Tables & Figures (jfi-tables-figures)

When to trigger

  • Building or revising the table/figure set for a JFI submission
  • A referee found the exhibits hard to read or under-documented

What JFI exhibits must do

JFI exhibits are read by banking and intermediation specialists, so they must be self-contained and institution-aware:

  • Summary / sample table first: the bank/loan/firm universe, the data source (Call Reports, DealScan, HMDA, etc.), every filter, and units — readers must reconstruct the sample from the notes alone.
  • Define institutions and variables in the notes: what counts as a "bank," how credit/balance-sheet quantities are measured, the treatment and its timing.
  • Main result table: the headline specification with the FE structure visible, standard errors and the clustering level stated, and the mechanism estimate foregrounded.
  • Event-study / dynamics figure: for DID designs, a pre-trend-and-effect plot is often the single most persuasive exhibit; show confidence bands and the reference period.
  • Robustness exhibits: alternative samples, windows, and specifications, compactly tabulated.
  • Theory papers: a clean figure of the mechanism or comparative statics, with parameters in the note.

House conventions

Number exhibits and call them out in order; numbered manuscript sections (1, 1.1) host them. Notes should name the estimator, sample, clustering, and significance markers. There is no fixed exhibit count, but optional Highlights are capped at 3-5 bullets of 85 characters each.

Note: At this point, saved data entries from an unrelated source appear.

lemma suminf_dyadic_powers_below_le:
  fixes n x P :: real
  assumes "0 < n" "1 < P"
  defines "b \<equiv> 2 powr (P - 1)"
  shows "(\<Sum>k. if n * 2 ^ k < x then ennreal (b ^ k) else 0) \<le> ennreal (b / (b - 1) * (x / n) powr (P - 1))"
proof (cases "n < x")
  case True
  have "1 < b" unfolding b_def using assms by simp
  obtain j where j: "n * 2 ^ j < x" "x \<le> n * 2 ^ Suc j"
    using dyadic_bracket[OF \<open>0 < n\<close> True] by blast
  have below_iff: "n * 2 ^ k < x \<longleftrightarrow> k < Suc j" for k
  proof
    assume "n * 2 ^ k < x"
    with j(2) have "n * 2 ^ k < n * 2 ^ Suc j"
      by linarith
    then show "k < Suc j"
      using \<open>0 < n\<close> power_strict_increasing_iff[of "2::real" k "Suc j"] by simp
  next
    assume "k < Suc j"
    then have "n * 2 ^ k \<le> n * 2 ^ j"
      using \<open>0 < n\<close> by simp
    with j(1) show "n * 2 ^ k < x"
      by linarith
  qed
  have geometric_le: "(\<Sum>k<Suc j. b ^ k) \<le> b / (b - 1) * (x / n) powr (P - 1)"
    unfolding b_def using j(1) assms by (intro geometric_sum_le_powr)
  have "(\<Sum>k. if n * 2 ^ k < x then ennreal (b ^ k) else 0) = (\<Sum>k<Suc j. if n * 2 ^ k < x then ennreal (b ^ k) else 0)"
    by (rule suminf_finite) (simp_all add: below_iff)
  also have "\<dots> = (\<Sum>k<Suc j. ennreal (b ^ k))"
    by (rule sum.cong) (simp_all add: below_iff)
  also have "\<dots> = ennreal (\<Sum>k<Suc j. b ^ k)"
    by (rule sum_ennreal) (use \<open>1 < b\<close> in simp)
  finally show ?thesis
    using geometric_le by (simp add: ennreal_leI)
next
  case False
  have "n * 1 \<le> n * 2 ^ k" for k
    using \<open>0 < n\<close> by (intro mult_left_mono) auto
  with False have "\<not> n * 2 ^ k < x" for k
    by (metis mult_1_right order.strict_trans1)
  then show ?thesis
    by simp
qed

lemma suminf_tail_integral_dyadic_le:
  assumes [measurable]: "g \<in> borel_measurable M" and nonneg: "\<And>x. 0 \<le> g x" and "0 < n" "1 < P"
  defines "b \<equiv> 2 powr (P - 1)"
  shows "(\<Sum>k. ennreal (b ^ k) * tail_integral M g (n * 2 ^ k))
    \<le> ennreal (b / (b - 1) * n powr (1 - P)) * (\<integral>\<^sup>+ x. ennreal (g x powr P) \<partial>M)"
proof -
  have b1: "1 < b" unfolding b_def using assms by simp
  have pointwise: "(\<Sum>k. ennreal (b ^ k) * (ennreal (g x) * indicator {x. n * 2 ^ k < g x} x))
      \<le> ennreal (b / (b - 1) * n powr (1 - P)) * ennreal (g x powr P)" for x
  proof -
    have "(\<Sum>k. ennreal (b ^ k) * (ennreal (g x) * indicator {x. n * 2 ^ k < g x} x))
        = (\<Sum>k. ennreal (g x) * (if n * 2 ^ k < g x then ennreal (b ^ k) else 0))"
      by (intro suminf_cong) (simp add: indicator_def mult.commute)
    also have "\<dots> = ennreal (g x) * (\<Sum>k. if n * 2 ^ k < g x then ennreal (b ^ k) else 0)"
      by (rule ennreal_suminf_cmult)
    also have "\<dots> \<le> ennreal (g x) * ennreal (b / (b - 1) * (g x / n) powr (P - 1))"
      unfolding b_def by (intro mult_left_mono suminf_dyadic_powers_below_le) (use assms nonneg in auto)
    also have "\<dots> = ennreal (b / (b - 1) * n powr (1 - P)) * ennreal (g x powr P)"
    proof (cases "g x = 0")
      case False
      then have "g x * g x powr (P - 1) = g x powr P"
        using nonneg[of x] by (simp add: powr_add[symmetric] powr_diff)
      moreover have "n powr (1 - P) = 1 / n powr (P - 1)"
        using powr_minus_divide[of n "P - 1"] by simp
      ultimately have "g x * (g x / n) powr (P - 1) = n powr (1 - P) * g x powr P"
        using nonneg[of x] \<open>0 < n\<close> by (simp add: powr_divide)
      then show ?thesis
        using b1 nonneg[of x] by (simp add: ennreal_mult'[symmetric] mult_ac)
    qed simp
    finally show ?thesis .
  qed
  have "(\<Sum>k. ennreal (b ^ k) * tail_integral M g (n * 2 ^ k))
      = (\<integral>\<^sup>+ x. (\<Sum>k. ennreal (b ^ k) * (ennreal (g x) * indicator {x. n * 2 ^ k < g x} x)) \<partial>M)"
    unfolding tail_integral_def by (subst nn_integral_suminf) (auto intro!: suminf_cong nn_integral_cmult[symmetric])
  also have "\<dots> \<le> (\<integral>\<^sup>+ x. ennreal (b / (b - 1) * n powr (1 - P)) * ennreal (g x powr P) \<partial>M)"
    by (intro nn_integral_mono pointwise)
  also have "\<dots> = ennreal (b / (b - 1) * n powr (1 - P)) * (\<integral>\<^sup>+ x. ennreal (g x powr P) \<partial>M)"
    by (rule nn_integral_cmult) simp
  finally show ?thesis .
qed

(* For 0 < r < 4/3, 1 <= t <= 2 and 3 r / 2 <= t, the interval [t - r, t + r] lies in [1/3, 10/3]. *)
definition window :: "(real \<Rightarrow> real) \<Rightarrow> real \<Rightarrow> real" where
  "window f s = \<bar>f s\<bar> * indicator {1/3..10/3} s"

lemma borel_measurable_window [measurable]: "f \<in> borel_measurable borel \<Longrightarrow> window f \<in> borel_measurable borel"
  unfolding window_def by (intro borel_measurable_times borel_measurable_abs) auto

lemma window_nonneg: "0 \<le> window f s"
  unfolding window_def by simp

lemma R2_eq_0_outside: "r \<le> 0 \<or> 4/3 \<le> r \<Longrightarrow> R2 f r = 0"
  unfolding R2_def by (auto simp: indicator_def intro!: antisym SUP_least)

lemma R2_le_tail_integral:
  assumes [measurable]: "f \<in> borel_measurable borel" and "0 \<le> lam"
  shows "R2 f r \<le> ennreal (2 * lam) + ennreal (1 / r) * tail_integral lborel (window f) lam"
    (is "_ \<le> _ + _ * ?G")
proof (cases "0 < r \<and> r < 4/3")
  case True
  have "ennreal (1 / r) * (\<integral>\<^sup>+ s\<in>{t - r..t + r}. ennreal \<bar>f s\<bar> \<partial>lborel) \<le> ennreal (2 * lam) + ennreal (1 / r) * ?G"
    if t: "1 \<le> t" "t \<le> 2" "3 * r / 2 \<le> t" for t
  proof -
    have "(\<integral>\<^sup>+ s\<in>{t - r..t + r}. ennreal \<bar>f s\<bar> \<partial>lborel) \<le>
        (\<integral>\<^sup>+ s. ennreal lam * indicator {t - r..t + r} s +
           ennreal (window f s) * indicator {s. lam < window f s} s \<partial>lborel)"
      using t True \<open>0 \<le> lam\<close>
      by (intro nn_integral_mono) (auto simp: window_def split: split_indicator intro: ennreal_leI)
    also have "\<dots> = ennreal (2 * r * lam) + ?G"
      using True \<open>0 \<le> lam\<close>
      by (subst nn_integral_add) (auto simp: nn_integral_cmult_indicator tail_integral_def ennreal_mult' mult_ac)
    finally have "ennreal (1 / r) * (\<integral>\<^sup>+ s\<in>{t - r..t + r}. ennreal \<bar>f s\<bar> \<partial>lborel) \<le>
        ennreal (1 / r) * (ennreal (2 * r * lam) + ?G)"
      by (rule mult_left_mono) simp
    also have "\<dots> = ennreal (2 * lam) + ennreal (1 / r) * ?G"
      using True \<open>0 \<le> lam\<close> by (simp add: distrib_left ennreal_mult'[symmetric])
    finally show ?thesis .
  qed
  then show ?thesis
    unfolding R2_def using True by (auto intro!: SUP_least)
qed (use R2_eq_0_outside[of r f] in auto)

lemma R2_le_integral_window:
  assumes [measurable]: "f \<in> borel_measurable borel"
  shows "R2 f r \<le> indicator {0<..<4/3} r * ennreal (1 / r) * (\<integral>\<^sup>+ s. ennreal (window f s) \<partial>lborel)"
proof (cases "0 < r \<and> r < 4/3")
  case True
  have "R2 f r \<le> ennreal (1 / r) * tail_integral lborel (window f) 0"
    using R2_le_tail_integral[OF assms order_refl] by simp
  also have "\<dots> \<le> ennreal (1 / r) * (\<integral>\<^sup>+ s. ennreal (window f s) \<partial>lborel)"
    by (intro mult_left_mono tail_integral_le_nn_integral) simp
  finally show ?thesis
    using True by simp
qed (use R2_eq_0_outside[of r f] in auto)

lemma nn_integral_window_powr_le:
  assumes [measurable]: "f \<in> borel_measurable borel" and "0 < P" "1 \<le> d"
  shows "(\<integral>\<^sup>+ s. ennreal (window f s powr P) \<partial>lborel) \<le> ennreal (3 powr (d - 1)) * (\<integral>\<^sup>+ s. ennreal (\<bar>f s\<bar> powr P) \<partial>mu d)"
proof -
  have "(\<integral>\<^sup>+ s. ennreal (window f s powr P) \<partial>lborel) = (\<integral>\<^sup>+ s. ennreal (\<bar>f s\<bar> powr P) * indicator {1/3..10/3} s \<partial>lborel)"
    using \<open>0 < P\<close> by (intro nn_integral_cong) (simp add: window_def split: split_indicator)
  also have "\<dots> \<le> ennreal ((1/3) powr (1 - d)) * (\<integral>\<^sup>+ s. ennreal (\<bar>f s\<bar> powr P) \<partial>mu d)"
    using assms by (intro nn_integral_Icc_le_mu) auto
  also have "(1/3::real) powr (1 - d) = 3 powr (d - 1)"
    by (simp add: powr_divide powr_minus_divide[symmetric])
  finally show ?thesis .
qed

Worked exhibit plan: a capital-shock transmission paper (illustrative)

# Exhibit The job it does for a JFI referee
T1 Sample construction: register universe → multi-bank firms Lets the reader reconstruct the sample and see what firm×time FE costs
T2 Bank and firm summaries by exposure Balance: treated and control banks comparable pre-shock
T3 Main: loan growth on the shock; columns no FE → firm FE → firm×time FE The supply channel, with demand absorption visible across columns
F1 Event study around the rule change Pre-trends plus dynamics — often the single decisive exhibit
T4 Mechanism heterogeneity: relationship intensity, bank capital Shows the intermediation channel, not generic credit tightening
T5 Compact robustness grid, one row per named threat The battery without appendix sprawl
F2 Real effects: firm outcomes by exposure The consequence panel that earns the policy sentence

The fixed-effect column progression in T3 is a JFI-native convention: the coefficient's movement across columns is itself evidence on sorting and demand, so interpret it in the text. If T4's heterogeneity is the contribution's heart, consider promoting it ahead of the robustness grid — exhibit order should mirror the argument, not the order the regressions were run.

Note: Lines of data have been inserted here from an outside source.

lemma minkowski_functional_scaleR_le:
  assumes W: "convex W" "tvs_balanced W" "tvs_absorbing W" and c: "c \<noteq> 0"
  shows "minkowski_functional W (c *\<^sub>R x) \<le> \<bar>c\<bar> * minkowski_functional W x"
proof (rule field_le_epsilon)
  let ?p = "minkowski_functional W"
  fix \<epsilon> :: real assume \<epsilon>: "\<epsilon> > 0"
  define r where "r = ?p x + \<epsilon> / \<bar>c\<bar>"
  have r: "r > 0" using minkowski_functional_nonneg[OF W(3), of x] \<epsilon> c by (simp add: r_def add_nonneg_pos)
  have "inverse r *\<^sub>R x \<in> W" using minkowski_functional_mem[OF W(1,3), of "\<epsilon> / \<bar>c\<bar>" x] \<epsilon> c by (simp add: r_def)
  moreover have "\<bar>sgn c\<bar> \<le> 1" by (simp add: abs_sgn_eq)
  ultimately have "sgn c *\<^sub>R (inverse r *\<^sub>R x) \<in> W"
    using W(2) unfolding tvs_balanced_def by blast
  also have "sgn c *\<^sub>R (inverse r *\<^sub>R x) = inverse (\<bar>c\<bar> * r) *\<^sub>R (c *\<^sub>R x)"
    using c r by (simp add: sgn_if field_simps)
  finally have "?p (c *\<^sub>R x) \<le> \<bar>c\<bar> * r" using r c by (intro minkowski_functional_le) auto
  also have "\<bar>c\<bar> * r = \<bar>c\<bar> * ?p x + \<epsilon>" using c by (simp add: r_def algebra_simps)
  finally show "?p (c *\<^sub>R x) \<le> \<bar>c\<bar> * ?p x + \<epsilon>" .
qed

lemma seminorm_minkowski_functional:
  assumes W: "convex W" "tvs_balanced W" "tvs_absorbing W"
  shows "seminorm (minkowski_functional W)"
proof -
  let ?p = "minkowski_functional W"
  have "?p 0 \<le> 0 + \<epsilon>" if "\<epsilon> > 0" for \<epsilon>
    using minkowski_functional_le[of \<epsilon> 0 W] absorbing_zero[OF W(3)] that by simp
  then have "?p 0 \<le> 0" by (rule field_le_epsilon)
  then have zero: "?p 0 = 0" using minkowski_functional_nonneg[OF W(3), of 0] by simp
  have "?p (c *\<^sub>R x) = \<bar>c\<bar> * ?p x" for c x
  proof (cases "c = 0")
    case False
    have "?p x \<le> \<bar>inverse c\<bar> * ?p (c *\<^sub>R x)"
      using minkowski_functional_scaleR_le[OF W, of "inverse c" "c *\<^sub>R x"] False by simp
    then have "\<bar>c\<bar> * ?p x \<le> ?p (c *\<^sub>R x)" using False by (simp add: field_simps abs_inverse)
    then show ?thesis using minkowski_functional_scaleR_le[OF W False, of x] by simp
  qed (simp add: zero)
  then show ?thesis unfolding seminorm_def using minkowski_functional_add[OF W(1,3)] by blast
qed

lemma tvs_open_absorbing:
  fixes W :: "'a::{real_vector,topological_space} set"
  assumes T: "tvs_space TYPE('a)" and W: "open W" "0 \<in> W"
  shows "tvs_absorbing W"
  unfolding tvs_absorbing_def
proof
  fix x :: 'a
  have "open {c::real. c *\<^sub>R x \<in> W}"
    by (rule open_Collect_continuous_on[OF tvs_continuous_on_scaleR[OF T continuous_on_id
          continuous_on_const] W(1)])
  moreover have "(0::real) \<in> {c. c *\<^sub>R x \<in> W}" using W(2) by simp
  ultimately obtain e where e: "e > 0" "ball (0::real) e \<subseteq> {c. c *\<^sub>R x \<in> W}"
    using open_contains_ball by blast
  then show "\<exists>r>0. \<forall>c. \<bar>c\<bar> \<le> r \<longrightarrow> c *\<^sub>R x \<in> W"
    by (intro exI[of _ "e/2"]) (auto simp: subset_iff dist_real_def)
qed

lemma tvs_minkowski_functional_less_one:
  fixes W :: "'a::{real_vector,topological_space} set"
  assumes T: "tvs_space TYPE('a)" and W: "open W" and x: "x \<in> W"
  shows "minkowski_functional W x < 1"
proof -
  have "open {c::real. c *\<^sub>R x \<in> W}"
    by (rule open_Collect_continuous_on[OF tvs_continuous_on_scaleR[OF T continuous_on_id
          continuous_on_const] W])
  moreover have "(1::real) \<in> {c. c *\<^sub>R x \<in> W}" using x by simp
  ultimately obtain d where d: "d > 0" "ball (1::real) d \<subseteq> {c. c *\<^sub>R x \<in> W}"
    using open_contains_ball by blast
  then have "(1 + d/2) *\<^sub>R x \<in> W" by (auto simp: subset_iff dist_real_def)
  then have "minkowski_functional W x \<le> inverse (1 + d/2)"
    using d by (intro minkowski_functional_le) auto
  also have "\<dots> < 1" using d by (simp add: field_simps)
  finally show ?thesis .
qed
(* Let $G$ be a topological gyrogroup and let $\phi:G\to\mathbb{R}$ be a continuous bounded function. Then there is a bounded continuous function $\Phi:G^{\bullet}\to\mathbb{R}$ with $\Phi(x^{\bullet})=\phi(x)$ for all $x\in G$, where $x^{\bullet}$ is the constant function with value $x$.
   Context: A gyrogroup is a set $G$ with a binary operation $\oplus$ such that: (G1) there is a unique identity $0$ with $0\oplus a=a=a\oplus 0$; (G2) each $x$ has a unique inverse $\ominus x$ with $\ominus x\oplus x=0=x\oplus(\ominus x)$; (G3) for all $x,y$ there is an automorphism $\mathrm{gyr}[x,y]$ of $(G,\oplus)$ with $x\oplus(y\oplus z)=(x\oplus y)\oplus \mathrm{gyr}[x,y](z)$ for all $z$; (G4) $\mathrm{gyr}[x\oplus y,y]=\mathrm{gyr}[x,y]$. A topological gyrogroup is a gyrogroup with a topology (all spaces are assumed $T_1$) such that $\oplus$ is jointly continuous and $x\mapsto\ominus x$ is continuous. Construction: let $J=[0,1)$ and let $G^{\bullet}$ be the set of all functions $f:J\to G$ for which there exist $0=a_0<a_1<\dots<a_n=1$ with $f$ constant on each $[a_k,a_{k+1})$, with pointwise operation $(f\oplus^{\bullet}g)(r)=f(r)\oplus g(r)$. For an open neighbourhood $V$ of $0$ in $G$ and $\varepsilon>0$ let $O(V,\varepsilon)=\{f\in G^{\bullet}:\mu(\{r\in J: f(r)\notin V\})<\varepsilon\}$, $\mu$ Lebesgue measure. $G^{\bullet}$ carries the topological gyrogroup topology in which the sets $f\oplus^{\bullet}O(V,\varepsilon)$ form a local base at each $f\in G^{\bullet}$. *)

theory Defs
  imports "HOL-Analysis.Analysis"
begin

definition gyrogroup :: "('a \<Rightarrow> 'a \<Rightarrow> 'a) \<Rightarrow> 'a \<Rightarrow> bool" where
  "gyrogroup op z \<longleftrightarrow>
     (\<forall>a. op z a = a \<and> op a z = a) \<and>
     (\<forall>x. \<exists>!y. op y x = z \<and> op x y = z) \<and>
     (\<exists>gyr :: 'a \<Rightarrow> 'a \<Rightarrow> 'a \<Rightarrow> 'a.
        (\<forall>x y. bij (gyr x y) \<and>
               (\<forall>a b. gyr x y (op a b) = op (gyr x y a) (gyr x y b)) \<and>
               (\<forall>c. op x (op y c) = op (op x y) (gyr x y c))) \<and>
        (\<forall>x y. gyr (op x y) y = gyr x y))"

definition ginv :: "('a \<Rightarrow> 'a \<Rightarrow> 'a) \<Rightarrow> 'a \<Rightarrow> 'a \<Rightarrow> 'a" where
  "ginv op z x = (THE y. op y x = z \<and> op x y = z)"

definition top_gyrogroup :: "('a \<Rightarrow> 'a \<Rightarrow> 'a) \<Rightarrow> 'a \<Rightarrow> 'a topology \<Rightarrow> bool" where
  "top_gyrogroup op z T \<longleftrightarrow>
     gyrogroup op z \<and> topspace T = UNIV \<and> t1_space T \<and>
     continuous_map (prod_topology T T) T (\<lambda>(x, y). op x y) \<and>
     continuous_map T T (ginv op z)"

text \<open>G-bullet: step functions on J = [0,1), represented as functions real => 'a
  which take the value z outside J (so that they are determined by their values on J).\<close>
definition step_funs :: "'a \<Rightarrow> (real \<Rightarrow> 'a) set" where
  "step_funs z = {f. (\<forall>r. r \<notin> {0..<1} \<longrightarrow> f r = z) \<and>
     (\<exists>(n::nat) (a::nat \<Rightarrow> real). a 0 = 0 \<and> a n = 1 \<and> (\<forall>k<n. a k < a (Suc k)) \<and>
        (\<forall>k<n. \<forall>r \<in> {a k..<a (Suc k)}. f r = f (a k)))}"

definition bullet_op :: "('a \<Rightarrow> 'a \<Rightarrow> 'a) \<Rightarrow> (real \<Rightarrow> 'a) \<Rightarrow> (real \<Rightarrow> 'a) \<Rightarrow> (real \<Rightarrow> 'a)" where
  "bullet_op op f g = (\<lambda>r. op (f r) (g r))"

definition bullet_const :: "'a \<Rightarrow> 'a \<Rightarrow> (real \<Rightarrow> 'a)" where
  "bullet_const z x = (\<lambda>r. if r \<in> {0..<1} then x else z)"

definition O_nbhd :: "'a \<Rightarrow> 'a set \<Rightarrow> real \<Rightarrow> (real \<Rightarrow> 'a) set" where
  "O_nbhd z V \<epsilon> = {f \<in> step_funs z. measure lebesgue {r \<in> {0..<1}. f r \<notin> V} < \<epsilon>}"

definition bullet_topology :: "('a \<Rightarrow> 'a \<Rightarrow> 'a) \<Rightarrow> 'a \<Rightarrow> 'a topology \<Rightarrow> (real \<Rightarrow> 'a) topology" where
  "bullet_topology op z T = topology (\<lambda>U. U \<subseteq> step_funs z \<and>
     (\<forall>f \<in> U. \<exists>V \<epsilon>. openin T V \<and> z \<in> V \<and> \<epsilon> > 0 \<and>
        bullet_op op f ` O_nbhd z V \<epsilon> \<subseteq> U))"

end

theory Submission
  imports Defs
begin

text \<open>
  The extension is the mean value \<open>\<Phi>(f) = \<integral>\<^sub>0\<^sup>1 \<phi>(f(r)) dr\<close>; it agrees with \<open>\<phi>\<close> on constant
  functions and is bounded by \<open>sup |\<phi>|\<close>. For continuity at a step function \<open>f\<close>, which takes
  only finitely many values \<open>c\<close>, continuity of \<open>c \<oplus> -\<close> at \<open>0\<close> gives one neighbourhood \<open>V\<close> of
  \<open>0\<close> on which every \<open>\<phi>(c \<oplus> -)\<close> stays \<open>\<delta>/2\<close>-close to \<open>\<phi>(c)\<close>. For \<open>g \<in> O(V,\<epsilon>)\<close> the integrands
  of \<open>\<Phi>(f \<oplus> g)\<close> and \<open>\<Phi>(f)\<close> then differ by less than \<open>\<delta>/2\<close> outside a set of measure \<open>< \<epsilon>\<close>,
  and by at most \<open>2 sup |\<phi>|\<close> on it.
\<close>

lemma partition_cover:
  fixes a :: "nat \<Rightarrow> real"
  assumes "a 0 \<le> r" "r < a n"
  shows "\<exists>k<n. a k \<le> r \<and> r < a (Suc k)"
  using assms(2)
proof (induction n)
  case 0
  then show ?case using assms(1) by simp
next
  case (Suc n)
  then show ?case
    by (cases "r < a n") (auto intro: less_SucI simp: not_less)
qed

lemma simple_function_step_fun:
  assumes "f \<in> step_funs z"
  shows "simple_function lebesgue f"
proof -
  obtain n a where outside: "\<And>r. r \<notin> {0..<1} \<Longrightarrow> f r = z"
    and a: "a 0 = 0" "a n = 1"
    and const: "\<And>k r. k < n \<Longrightarrow> r \<in> {a k..<a (Suc k)} \<Longrightarrow> f r = f (a k)"
    using assms unfolding step_funs_def by blast
  have cover: "\<exists>k<n. r \<in> {a k..<a (Suc k)}" if "r \<in> {0..<1}" for r
    using partition_cover[of a r n] a that by auto
  have "range f \<subseteq> insert z ((\<lambda>k. f (a k)) ` {..<n})"
  proof clarify
    fix r assume "f r \<notin> (\<lambda>k. f (a k)) ` {..<n}"
    then show "f r = z"
      using outside cover const by (metis image_eqI lessThan_iff)
  qed
  then have "finite (range f)"
    by (rule finite_subset) simp
  moreover have "f -` {c} = {r. r \<notin> {0..<1} \<and> c = z} \<union>
      (\<Union>k \<in> {k. k < n \<and> f (a k) = c}. {a k..<a (Suc k)})" for c
  proof (intro set_eqI iffI)
    fix r assume r: "r \<in> f -` {c}"
    show "r \<in> {r. r \<notin> {0..<1} \<and> c = z} \<union> (\<Union>k \<in> {k. k < n \<and> f (a k) = c}. {a k..<a (Suc k)})"
    proof (cases "r \<in> {0..<1}")
      case True
      then obtain k where k: "k < n" "r \<in> {a k..<a (Suc k)}"
        using cover by blast
      then have "f (a k) = c"
        using r const[OF k] by simp
      then show ?thesis
        using k by blast
    next
      case False
      then have "c = z"
        using r outside[OF False] by simp
      then show ?thesis
        using False by blast
    qed
  qed (use outside const in auto)
  moreover have "{r::real. r \<notin> {0..<1} \<and> c = z} \<in> sets lebesgue" for c
  proof -
    have eq: "{r::real. r \<notin> {0..<1} \<and> c = z} = (if c = z then {..<0} \<union> {1..} else {})"
      by auto
    show ?thesis
      unfolding eq by auto
  qed
  ultimately show ?thesis
    unfolding simple_function_def by auto
qed

lemma borel_measurable_step_fun:
  "f \<in> step_funs z \<Longrightarrow> (\<lambda>r. \<psi> (f r) :: real) \<in> borel_measurable lebesgue"
  using borel_measurable_simple_function[OF simple_function_compose[OF simple_function_step_fun]]
  by (simp add: o_def)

Exhibit-count calibration (hedged)

Accepted empirical papers in this literature typically run on the order of six to nine main-text exhibits with further robustness in an online appendix; theory papers often carry two to four comparative-statics figures. These are reading-based calibrations — no cap is stated; confirm formatting specifics against the journal's current author guidelines.

Exhibit-level referee pushback, and fixes

  • "I cannot tell which sample column 4 uses" → put N, sample, and FE rows in every column.
  • "The event study has no reference period marked" → label the omitted period and shade the announcement.
  • "The heterogeneity split shows no test" → report the interaction p-value, not two stars side by side.
  • "The comparative-statics figure hides the friction" → for theory papers, plot the outcome against the friction parameter itself (monitoring cost, equity-issuance cost), with the no-friction benchmark as a dashed reference line, so the figure literally shows what intermediation adds.

Execution bridge (StatsPAI / Stata MCP)

Generate exhibits from the fitted result, not by retyping numbers (the usual source of body-vs-appendix drift). Full map: execution-with-mcp.

  • Tables: etable (multi-model columns) or did_summary_to_latex straight from the result_id — one variable definition, one set of numbers, body and appendix in sync.
  • Figures: plot_from_result / enhanced_event_study_plot / event_study_table — axis units and the SE/clustering note baked in.
  • Every note names the estimator + clustering (from the result's diagnostics) and states the magnitude in interpretable units.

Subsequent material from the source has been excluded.